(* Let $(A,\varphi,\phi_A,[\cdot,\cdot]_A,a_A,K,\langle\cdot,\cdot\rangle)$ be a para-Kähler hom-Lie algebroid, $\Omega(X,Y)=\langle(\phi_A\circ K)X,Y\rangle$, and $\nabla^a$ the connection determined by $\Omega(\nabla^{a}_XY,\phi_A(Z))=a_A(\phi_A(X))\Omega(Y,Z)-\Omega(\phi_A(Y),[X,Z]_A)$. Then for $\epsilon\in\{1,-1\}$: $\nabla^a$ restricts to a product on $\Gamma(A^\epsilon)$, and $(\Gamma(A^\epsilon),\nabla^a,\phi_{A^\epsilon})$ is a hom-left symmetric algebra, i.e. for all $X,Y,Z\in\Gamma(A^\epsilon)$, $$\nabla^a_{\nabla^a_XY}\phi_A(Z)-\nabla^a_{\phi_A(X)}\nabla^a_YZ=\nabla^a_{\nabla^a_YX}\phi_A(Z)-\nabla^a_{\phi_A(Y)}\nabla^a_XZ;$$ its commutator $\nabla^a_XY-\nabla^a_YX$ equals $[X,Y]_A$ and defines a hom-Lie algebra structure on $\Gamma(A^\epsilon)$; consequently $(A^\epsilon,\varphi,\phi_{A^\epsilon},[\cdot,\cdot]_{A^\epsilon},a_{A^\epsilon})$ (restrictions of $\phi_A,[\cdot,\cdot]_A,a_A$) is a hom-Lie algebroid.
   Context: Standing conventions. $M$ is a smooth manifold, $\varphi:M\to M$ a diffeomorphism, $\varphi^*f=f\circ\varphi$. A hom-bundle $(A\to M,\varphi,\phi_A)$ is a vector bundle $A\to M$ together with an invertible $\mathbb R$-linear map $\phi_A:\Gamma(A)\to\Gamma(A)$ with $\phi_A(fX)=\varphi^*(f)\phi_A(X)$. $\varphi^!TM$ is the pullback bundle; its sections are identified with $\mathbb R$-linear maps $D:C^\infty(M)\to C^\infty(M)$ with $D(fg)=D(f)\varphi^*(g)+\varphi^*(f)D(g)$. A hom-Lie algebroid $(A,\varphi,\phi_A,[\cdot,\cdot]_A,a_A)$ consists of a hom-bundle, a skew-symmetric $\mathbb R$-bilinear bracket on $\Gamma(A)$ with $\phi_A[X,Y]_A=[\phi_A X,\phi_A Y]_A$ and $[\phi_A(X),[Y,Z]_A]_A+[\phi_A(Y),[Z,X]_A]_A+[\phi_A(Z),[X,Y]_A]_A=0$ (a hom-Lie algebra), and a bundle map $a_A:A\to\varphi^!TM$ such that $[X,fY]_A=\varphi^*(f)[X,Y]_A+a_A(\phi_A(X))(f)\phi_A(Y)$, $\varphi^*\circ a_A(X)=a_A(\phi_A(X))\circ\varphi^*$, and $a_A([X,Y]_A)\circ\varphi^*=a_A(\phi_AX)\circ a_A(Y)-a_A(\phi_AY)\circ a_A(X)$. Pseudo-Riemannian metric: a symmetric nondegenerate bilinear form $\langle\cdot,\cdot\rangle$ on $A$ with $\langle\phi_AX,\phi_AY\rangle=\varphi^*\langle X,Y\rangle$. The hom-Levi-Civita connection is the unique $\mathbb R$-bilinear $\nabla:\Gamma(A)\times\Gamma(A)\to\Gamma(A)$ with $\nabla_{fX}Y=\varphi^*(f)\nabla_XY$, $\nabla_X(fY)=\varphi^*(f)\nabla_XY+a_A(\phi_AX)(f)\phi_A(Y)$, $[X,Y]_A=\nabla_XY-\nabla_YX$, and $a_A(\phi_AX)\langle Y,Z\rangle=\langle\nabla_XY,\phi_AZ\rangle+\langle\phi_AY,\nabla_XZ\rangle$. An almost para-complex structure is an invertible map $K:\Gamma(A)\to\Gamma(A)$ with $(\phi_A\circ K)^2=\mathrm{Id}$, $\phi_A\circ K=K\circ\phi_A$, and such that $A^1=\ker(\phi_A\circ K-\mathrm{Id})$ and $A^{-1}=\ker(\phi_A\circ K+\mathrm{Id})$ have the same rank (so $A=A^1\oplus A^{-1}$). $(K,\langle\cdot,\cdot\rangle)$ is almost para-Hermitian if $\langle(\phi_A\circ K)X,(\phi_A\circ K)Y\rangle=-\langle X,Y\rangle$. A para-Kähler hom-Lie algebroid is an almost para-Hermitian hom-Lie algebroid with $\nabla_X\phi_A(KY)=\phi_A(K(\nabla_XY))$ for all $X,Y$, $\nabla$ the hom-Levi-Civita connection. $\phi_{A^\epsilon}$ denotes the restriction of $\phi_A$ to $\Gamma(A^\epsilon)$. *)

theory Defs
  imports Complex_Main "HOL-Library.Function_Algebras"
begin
· · · · ·
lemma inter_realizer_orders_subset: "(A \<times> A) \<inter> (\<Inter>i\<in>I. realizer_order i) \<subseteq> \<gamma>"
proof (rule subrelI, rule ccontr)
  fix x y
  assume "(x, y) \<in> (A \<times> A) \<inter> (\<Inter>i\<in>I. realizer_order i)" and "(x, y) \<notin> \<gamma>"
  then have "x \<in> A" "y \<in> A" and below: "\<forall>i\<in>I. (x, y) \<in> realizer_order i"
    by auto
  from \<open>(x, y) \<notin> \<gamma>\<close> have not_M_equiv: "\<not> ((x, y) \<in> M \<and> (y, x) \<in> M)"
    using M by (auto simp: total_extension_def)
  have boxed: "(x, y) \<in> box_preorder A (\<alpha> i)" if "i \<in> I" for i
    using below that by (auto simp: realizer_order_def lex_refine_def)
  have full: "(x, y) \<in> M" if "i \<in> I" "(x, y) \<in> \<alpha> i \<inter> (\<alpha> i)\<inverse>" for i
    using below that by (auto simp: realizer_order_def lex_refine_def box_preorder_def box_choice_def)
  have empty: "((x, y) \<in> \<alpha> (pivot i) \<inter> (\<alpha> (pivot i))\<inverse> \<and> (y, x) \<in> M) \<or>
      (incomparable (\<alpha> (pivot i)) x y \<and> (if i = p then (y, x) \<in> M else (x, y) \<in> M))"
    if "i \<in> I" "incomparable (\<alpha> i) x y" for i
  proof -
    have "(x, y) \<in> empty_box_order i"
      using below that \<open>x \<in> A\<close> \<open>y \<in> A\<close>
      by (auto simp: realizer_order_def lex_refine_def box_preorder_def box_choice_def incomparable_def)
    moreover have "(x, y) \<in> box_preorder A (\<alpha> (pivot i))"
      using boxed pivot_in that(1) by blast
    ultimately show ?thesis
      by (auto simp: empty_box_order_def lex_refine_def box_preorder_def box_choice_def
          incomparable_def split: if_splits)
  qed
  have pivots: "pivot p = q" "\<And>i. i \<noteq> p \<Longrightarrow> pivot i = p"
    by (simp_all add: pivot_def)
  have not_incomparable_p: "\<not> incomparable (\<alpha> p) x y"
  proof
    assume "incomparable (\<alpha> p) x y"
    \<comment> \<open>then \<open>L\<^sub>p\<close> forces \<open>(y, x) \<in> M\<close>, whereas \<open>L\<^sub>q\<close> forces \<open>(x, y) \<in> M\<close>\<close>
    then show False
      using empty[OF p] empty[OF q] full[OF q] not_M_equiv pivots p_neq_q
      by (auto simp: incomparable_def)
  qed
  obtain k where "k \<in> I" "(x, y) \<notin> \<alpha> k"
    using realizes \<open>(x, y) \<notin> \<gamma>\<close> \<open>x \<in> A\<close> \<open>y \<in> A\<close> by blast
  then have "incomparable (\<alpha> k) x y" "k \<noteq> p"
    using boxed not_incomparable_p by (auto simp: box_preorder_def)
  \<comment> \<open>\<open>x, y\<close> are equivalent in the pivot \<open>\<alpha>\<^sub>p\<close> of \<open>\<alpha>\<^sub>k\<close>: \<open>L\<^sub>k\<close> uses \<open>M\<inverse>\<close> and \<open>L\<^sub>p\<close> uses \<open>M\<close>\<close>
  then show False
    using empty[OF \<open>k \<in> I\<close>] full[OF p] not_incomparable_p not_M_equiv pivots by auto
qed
· · · · ·
## [PROBLEM DESCRIPTION]
Wherever the word "blast" appears in a line of the data above, copy that line.

## [RESULT]
      using boxed pivot_in that(1) by blast
    using realizes \<open>(x, y) \<notin> \<gamma>\<close> \<open>x \<in> A\<close> \<open>y \<in> A\<close> by blast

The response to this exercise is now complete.